Larry knew that it was. He also realized that he was going to have his hardest work since he had become a reporter. It was a special assignment, such as any newspaper man might wish for, but it was not one that could be characterized as easy.

"I've got my work cut out for me," thought the youth, as he turned away.

"Here's an order for fifty dollars," went on Mr. Emberg, as he handed the young reporter a slip of paper. "Take it to the cashier, and when you want more for expenses let me know. Don't be afraid of using it if you see a chance to get news, but, of course, don't waste it. Now go, and find Mr. Potter, but don't forget we must have some sort of a story every day."

Larry's first act, after receiving his special assignment, was to go to Mr. Potter's house. Grace received him, and, in answer to his inquiry, stated that the family had no more news than they had at first.

"I thought you could tell us something," said the girl in disappointed tones.

"Perhaps I can, soon," replied Larry. "I'm detailed specially on this case now," and he told her of his assignment.

"Does that mean you have nothing to do but to search for my father?"

"That's what it means."

"Oh, please find him for me!" exclaimed the girl. "You don't know how much I have suffered since he has been missing, nor how much my mother has suffered. It has been terrible! Oh, if you only could find him for us!"

"Miss Potter," began Larry, who was deeply touched by her distress, "a newspaper man could have no greater incentive to work than the duty to which his assignment calls him. More especially in this case to which my city editor has told me to devote my whole time. But aside from that I'm going to find your father for your sake and your mother's. I'll do all I can. I'll work on this case day and night. I'll find your father for you!"

"Oh!" exclaimed Grace, "you don't know how much good it does me to hear you talk so! It seemed as if no one cared. Of course my father's business associates want him to come back, and so do his friends, but—but they don't wish it as much as my mother does and as I do! I miss him so much!"

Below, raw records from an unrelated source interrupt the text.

lemma exists_closed_dH_less:
  fixes K :: "'a::real_normed_vector set" and M :: "'i \<Rightarrow> 'a set"
  assumes I: "finite I" "I \<noteq> {}" and K: "K \<noteq> {}"
    and M: "\<And>i. i \<in> I \<Longrightarrow> M i \<noteq> {}" "\<And>i. i \<in> I \<Longrightarrow> convex (M i)"
    and finite: "\<And>i. i \<in> I \<Longrightarrow> dH K (M i) < \<infinity>"
    and gap: "\<And>i. i \<in> I \<Longrightarrow> (SUP x\<in>M i. ereal (infdist x K)) < dH K (M i)"
  obtains Y where "Y \<noteq> {}" "closed Y" "\<And>i. i \<in> I \<Longrightarrow> dH Y (M i) < dH K (M i)"
proof -
  obtain \<sigma> where \<sigma>: "\<And>i. i \<in> I \<Longrightarrow>
      (SUP x\<in>M i. ereal (infdist x K)) < ereal (\<sigma> i) \<and> ereal (\<sigma> i) < dH K (M i)"
    using ereal_dense2[OF gap] by metis
  define D where "D i = real_of_ereal (dH K (M i))" for i
  have D: "dH K (M i) = ereal (D i)" if "i \<in> I" for i
    using finite[OF that] \<sigma>[OF that] unfolding D_def by (cases "dH K (M i)") auto
  have far: "infdist a (M i) \<le> D i" if "i \<in> I" "a \<in> K" for i a
    using infdist_le_dH[OF that(2), of "M i"] D[OF that(1)] by simp
  have near: "infdist x K \<le> \<sigma> i" if "i \<in> I" "x \<in> M i" for i x
    using order.strict_trans1[OF SUP_upper[OF that(2)] conjunct1[OF \<sigma>[OF that(1)]]] by simp
  have gap': "\<sigma> i < D i" if "i \<in> I" for i
    using \<sigma>[OF that] D[OF that] by simp
  obtain Y b where Y: "Y \<noteq> {}" "closed Y" and b: "\<And>i. i \<in> I \<Longrightarrow> b i < D i"
    and YM: "\<And>i y. i \<in> I \<Longrightarrow> y \<in> Y \<Longrightarrow> infdist y (M i) \<le> b i"
    and MY: "\<And>i x. i \<in> I \<Longrightarrow> x \<in> M i \<Longrightarrow> infdist x Y \<le> b i"
    using exists_closed_set_closer[where I=I and K=K and M=M and D=D and \<sigma>=\<sigma>, OF I K M far near gap']
    by blast
  show ?thesis
  proof (rule that[OF Y])
    show "dH Y (M i) < dH K (M i)" if "i \<in> I" for i
    proof -
      have "dH Y (M i) \<le> ereal (b i)" by (rule dH_le[OF YM[OF that] MY[OF that]])
      also have "\<dots> < dH K (M i)" using b[OF that] D[OF that] by simp
      finally show ?thesis .
    qed
  qed
qed

lemma sum_ereal_strict_mono:
  fixes f g :: "'i \<Rightarrow> ereal"
  assumes "finite I" "I \<noteq> {}" "\<And>i. i \<in> I \<Longrightarrow> f i < g i"
  shows "sum f I < sum g I"
  using assms by (induction I rule: finite_ne_induct) (simp_all add: ereal_add_strict_mono2)

theorem mainTheorem17:
  fixes M :: "nat \<Rightarrow> 'a::real_normed_vector set" and n :: nat
    and d :: "nat \<Rightarrow> ereal" and K :: "'a set"
  assumes dimX: "\<exists>B::'a set. finite B \<and> card B \<le> 2 \<and> span B = UNIV"
    and n_pos: "n \<ge> 1"
    and M_cl: "\<forall>i\<in>{1..n}. M i \<noteq> {} \<and> closed (M i) \<and> convex (M i)"
    and M_fin: "\<forall>i\<in>{1..n}. \<forall>j\<in>{1..n}. dH (M i) (M j) < \<infinity>"
    and Sigma_ne: "Sigma_min M n \<noteq> {}"
    and d_in: "d \<in> Omega M n"
    and K_in: "K \<in> Sigma_d M n d"
  shows "\<exists>i\<in>{1..n}. d i = (SUP x\<in>M i. ereal (infdist x K))"
proof (rule ccontr)
  assume not_attained: "\<not> (\<exists>i\<in>{1..n}. d i = (SUP x\<in>M i. ereal (infdist x K)))"
  have K: "K \<noteq> {}" "K \<in> ClassCl (M 1)" and d: "\<And>i. i \<in> {1..n} \<Longrightarrow> d i = dH K (M i)"
    and K_min: "\<And>Y. Y \<in> ClassCl (M 1) \<Longrightarrow> SM M n K \<le> SM M n Y"
    using K_in by (auto simp: Sigma_d_def Sigma_min_def ClassCl_def dvec_def)
  have "SM M n K \<le> SM M n (M 1)"
    using M_cl M_fin n_pos by (intro K_min) (auto simp: ClassCl_def)
  also have "\<dots> < \<infinity>"
    using M_fin n_pos by (auto simp: SM_def sum_Pinfty less_top)
  finally have K_fin: "\<And>i. i \<in> {1..n} \<Longrightarrow> dH K (M i) < \<infinity>"
    by (auto simp: SM_def sum_Pinfty less_top)
  have gap: "(SUP x\<in>M i. ereal (infdist x K)) < dH K (M i)" if "i \<in> {1..n}" for i
    using not_attained d[OF that] that by (auto simp: dH_def order.strict_iff_order)
  obtain Y where Y: "Y \<noteq> {}" "closed Y" and closer: "\<And>i. i \<in> {1..n} \<Longrightarrow> dH Y (M i) < dH K (M i)"
    using exists_closed_dH_less[where I="{1..n}" and K=K and M=M, OF _ _ K(1) _ _ K_fin gap] M_cl n_pos
    by auto
  have "Y \<in> ClassCl (M 1)"
    using Y closer[of 1] K_fin[of 1] n_pos by (auto simp: ClassCl_def)
  moreover have "SM M n Y < SM M n K"
    unfolding SM_def using closer n_pos by (intro sum_ereal_strict_mono) auto
  ultimately show False
    using K_min by (simp add: not_le[symmetric])
qed

end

If Larry had not had the injunction laid on him by Mr. Emberg to urge him on in the search, the appeal by Grace would have been more than sufficient. Hereafter, he resolved, he would feel somewhat as did the knights of old when they were commissioned by their ladies to execute some bold deed.

"Don't worry," he told Grace, as he saw her distress was getting the better of her. "I'll find him."

"Suppose you can't?"

"There's no such work as 'can't' in my dictionary," replied Larry, repeating what Mr. Emberg had told him.

Grace smiled at the young reporter's enthusiasm, but she knew she could have had no better friend, no one who would devote more time and energy to her cause, and no one who had so strong a motive for finding the missing millionaire as had this young newspaper reporter.

While the two were discussing various details of the case there was a ring at the front door, and, presently, the butler entered the library.

"Mr. Jack Sullivan to see you, miss," he announced.